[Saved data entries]
>>

(* For every $k\in[K]$, \textsc{Min-Quant}$(k)$~$1|prec|\max w_jT_j$ (minimizing over $\pi\in\Pi$ the $k$th largest value among $f(\pi,S_1),\dots,f(\pi,S_K)$) is solvable in $O\!\left(\binom{K}{k-1}(K-k+1)n^2\right)$ time; in particular it is polynomially solvable when $k$ is a constant.
   Context: Single machine scheduling under scenarios. A set of jobs $J=\{1,\dots,n\}$ must be processed nonpreemptively on one machine, all jobs being available at time $0$; jobs may be subject to precedence constraints given by a partial order ($i\rightarrow j$ means job $j$ cannot start before job $i$ is completed). A schedule is a permutation $\pi$ of $J$ respecting the precedence constraints; $\Pi$ denotes the set of all schedules. A scenario set $\Gamma=\{S_1,\dots,S_K\}$, $K>1$, is given (part of the input); under scenario $S_i$ job $j$ has a nonnegative processing time $p_j(S_i)$, nonnegative due date $d_j(S_i)$ and nonnegative weight $w_j(S_i)$. $C_j(\pi,S_i)$ is the completion time of $j$ in $\pi$ under $S_i$, i.e. the sum of $p_k(S_i)$ over $k=j$ and all jobs $k$ preceding $j$ in $\pi$. The cost of $\pi$ under $S_i$ is $f(\pi,S_i)=\max_{j\in J} w_j(S_i)[C_j(\pi,S_i)-d_j(S_i)]^+$, where $[x]^+=\max\{0,x\}$. *)

theory Defs
  imports Complex_Main "HOL-Library.Time_Functions"
begin

text \<open>Jobs are 0,...,n-1 and scenarios are 0,...,K-1.  Data of an instance:
  p s j, d s j, w s j : processing time, due date, weight of job j under scenario s;
  prec i j : precedence constraint i -> j (job j cannot start before job i is completed).\<close>

definition valid_instance ::
  "nat \<Rightarrow> nat \<Rightarrow> (nat \<Rightarrow> nat \<Rightarrow> real) \<Rightarrow> (nat \<Rightarrow> nat \<Rightarrow> real) \<Rightarrow> (nat \<Rightarrow> nat \<Rightarrow> real)
   \<Rightarrow> (nat \<Rightarrow> nat \<Rightarrow> bool) \<Rightarrow> bool" where
  "valid_instance n K p d w prec \<longleftrightarrow>
     1 \<le> n \<and> 1 < K \<and>
     (\<forall>s<K. \<forall>j<n. 0 \<le> p s j \<and> 0 \<le> d s j \<and> 0 \<le> w s j) \<and>
     (\<forall>i<n. \<not> prec i i) \<and>
     (\<forall>i<n. \<forall>j<n. \<forall>l<n. prec i j \<and> prec j l \<longrightarrow> prec i l)"

definition schedules :: "nat \<Rightarrow> (nat \<Rightarrow> nat \<Rightarrow> bool) \<Rightarrow> nat list set" where
  "schedules n prec = {\<pi>. distinct \<pi> \<and> set \<pi> = {0..<n} \<and>
      (\<forall>a b. a < b \<and> b < length \<pi> \<longrightarrow> \<not> prec (\<pi> ! b) (\<pi> ! a))}"

definition completion :: "(nat \<Rightarrow> nat \<Rightarrow> real) \<Rightarrow> nat list \<Rightarrow> nat \<Rightarrow> nat \<Rightarrow> real" where
  "completion p \<pi> s j = sum_list (map (p s) (takeWhile (\<lambda>i. i \<noteq> j) \<pi> @ [j]))"

definition sched_cost ::
  "nat \<Rightarrow> (nat \<Rightarrow> nat \<Rightarrow> real) \<Rightarrow> (nat \<Rightarrow> nat \<Rightarrow> real) \<Rightarrow> (nat \<Rightarrow> nat \<Rightarrow> real)
   \<Rightarrow> nat list \<Rightarrow> nat \<Rightarrow> real" where
  "sched_cost n p d w \<pi> s = Max ((\<lambda>j. w s j * max 0 (completion p \<pi> s j - d s j)) ` {0..<n})"

text \<open>k-th largest element of a list (1 \<le> k \<le> length xs).\<close>
definition kth_largest :: "nat \<Rightarrow> real list \<Rightarrow> real" where
  "kth_largest k xs = rev (sort xs) ! (k - 1)"

definition quant_obj ::
  "nat \<Rightarrow> nat \<Rightarrow> nat \<Rightarrow> (nat \<Rightarrow> nat \<Rightarrow> real) \<Rightarrow> (nat \<Rightarrow> nat \<Rightarrow> real) \<Rightarrow> (nat \<Rightarrow> nat \<Rightarrow> real)
   \<Rightarrow> nat list \<Rightarrow> real" where
  "quant_obj n K k p d w \<pi> = kth_largest k (map (sched_cost n p d w \<pi>) [0..<K])"

definition minquant_optimal ::
  "nat \<Rightarrow> nat \<Rightarrow> nat \<Rightarrow> (nat \<Rightarrow> nat \<Rightarrow> real) \<Rightarrow> (nat \<Rightarrow> nat \<Rightarrow> real) \<Rightarrow> (nat \<Rightarrow> nat \<Rightarrow> real)
   \<Rightarrow> (nat \<Rightarrow> nat \<Rightarrow> bool) \<Rightarrow> nat list \<Rightarrow> bool" where
  "minquant_optimal n K k p d w prec \<pi> \<longleftrightarrow>
     \<pi> \<in> schedules n prec \<and>
     (\<forall>\<pi>' \<in> schedules n prec. quant_obj n K k p d w \<pi> \<le> quant_obj n K k p d w \<pi>')"

text \<open>All subsets of size m of the list xs (l = length xs), as lists.\<close>
fun consall :: "nat \<Rightarrow> nat list list \<Rightarrow> nat list list" where
  "consall x [] = []"
| "consall x (ys # yss) = (x # ys) # consall x yss"

fun combs :: "nat \<Rightarrow> nat \<Rightarrow> nat list \<Rightarrow> nat list list" where
  "combs 0 l xs = [[]]"
| "combs (Suc m) l [] = []"
| "combs (Suc m) l (x # xs) =
     (if l < Suc m then [] else consall x (combs m (l - 1) xs) @ combs (Suc m) (l - 1) xs)"

fun rng :: "nat \<Rightarrow> nat list" where
  "rng 0 = []"
| "rng (Suc i) = i # rng i"

text \<open>Remaining jobs are kept as pairs (job, number of its successors among remaining jobs).\<close>
fun cnt :: "(nat \<Rightarrow> nat \<Rightarrow> bool) \<Rightarrow> nat \<Rightarrow> nat \<Rightarrow> nat" where
  "cnt pr j 0 = 0"
| "cnt pr j (Suc i) = (if pr j i then Suc (cnt pr j i) else cnt pr j i)"

fun mkU :: "(nat \<Rightarrow> nat \<Rightarrow> bool) \<Rightarrow> nat \<Rightarrow> nat \<Rightarrow> (nat \<times> nat) list" where
  "mkU pr n 0 = []"
| "mkU pr n (Suc i) = (i, cnt pr i n) # mkU pr n i"

fun sumP :: "(nat \<Rightarrow> nat \<Rightarrow> real) \<Rightarrow> nat \<Rightarrow> (nat \<times> nat) list \<Rightarrow> real" where
  "sumP p s [] = 0"
| "sumP p s ((j, c) # U) = p s j + sumP p s U"

fun psums :: "(nat \<Rightarrow> nat \<Rightarrow> real) \<Rightarrow> nat list \<Rightarrow> (nat \<times> nat) list \<Rightarrow> (nat \<times> real) list" where
  "psums p [] U = []"
| "psums p (s # R) U = (s, sumP p s U) # psums p R U"

fun gval :: "(nat \<Rightarrow> nat \<Rightarrow> real) \<Rightarrow> (nat \<Rightarrow> nat \<Rightarrow> real) \<Rightarrow> nat \<Rightarrow> (nat \<times> real) list \<Rightarrow> real" where
  "gval w d j [] = 0"
| "gval w d j ((s, P) # PS) = max (w s j * max 0 (P - d s j)) (gval w d j PS)"

fun bestj :: "(nat \<Rightarrow> nat \<Rightarrow> real) \<Rightarrow> (nat \<Rightarrow> nat \<Rightarrow> real) \<Rightarrow> (nat \<times> real) list
    \<Rightarrow> (nat \<times> nat) list \<Rightarrow> (nat \<times> real) option" where
  "bestj w d PS [] = None"
| "bestj w d PS ((j, c) # U) =
     (let r = bestj w d PS U in
      if c = 0 then
        (let g = gval w d j PS in
         case r of None \<Rightarrow> Some (j, g)
         | Some (j', g') \<Rightarrow> if g \<le> g' then Some (j, g) else Some (j', g'))
      else r)"

fun pick :: "(nat \<Rightarrow> nat \<Rightarrow> bool) \<Rightarrow> nat \<Rightarrow> (nat \<times> nat) list \<Rightarrow> (nat \<times> nat) list" where
  "pick pr j [] = []"
| "pick pr j ((i, c) # U) =
     (if i = j then pick pr j U
      else if pr i j then (i, c - 1) # pick pr j U else (i, c) # pick pr j U)"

<<

*BRIEF:* All that is needed is the exact run of lines above from the line containing "nat \<Rightarrow> nat list \<Rightarrow>" through the line containing "s j)) (gval", both of them included.

*RESPONSE BELOW:*
fun combs :: "nat \<Rightarrow> nat \<Rightarrow> nat list \<Rightarrow> nat list list" where
  "combs 0 l xs = [[]]"
| "combs (Suc m) l [] = []"
| "combs (Suc m) l (x # xs) =
     (if l < Suc m then [] else consall x (combs m (l - 1) xs) @ combs (Suc m) (l - 1) xs)"

fun rng :: "nat \<Rightarrow> nat list" where
  "rng 0 = []"
| "rng (Suc i) = i # rng i"

text \<open>Remaining jobs are kept as pairs (job, number of its successors among remaining jobs).\<close>
fun cnt :: "(nat \<Rightarrow> nat \<Rightarrow> bool) \<Rightarrow> nat \<Rightarrow> nat \<Rightarrow> nat" where
  "cnt pr j 0 = 0"
| "cnt pr j (Suc i) = (if pr j i then Suc (cnt pr j i) else cnt pr j i)"

fun mkU :: "(nat \<Rightarrow> nat \<Rightarrow> bool) \<Rightarrow> nat \<Rightarrow> nat \<Rightarrow> (nat \<times> nat) list" where
  "mkU pr n 0 = []"
| "mkU pr n (Suc i) = (i, cnt pr i n) # mkU pr n i"

fun sumP :: "(nat \<Rightarrow> nat \<Rightarrow> real) \<Rightarrow> nat \<Rightarrow> (nat \<times> nat) list \<Rightarrow> real" where
  "sumP p s [] = 0"
| "sumP p s ((j, c) # U) = p s j + sumP p s U"

fun psums :: "(nat \<Rightarrow> nat \<Rightarrow> real) \<Rightarrow> nat list \<Rightarrow> (nat \<times> nat) list \<Rightarrow> (nat \<times> real) list" where
  "psums p [] U = []"
| "psums p (s # R) U = (s, sumP p s U) # psums p R U"

fun gval :: "(nat \<Rightarrow> nat \<Rightarrow> real) \<Rightarrow> (nat \<Rightarrow> nat \<Rightarrow> real) \<Rightarrow> nat \<Rightarrow> (nat \<times> real) list \<Rightarrow> real" where
  "gval w d j [] = 0"
| "gval w d j ((s, P) # PS) = max (w s j * max 0 (P - d s j)) (gval w d j PS)"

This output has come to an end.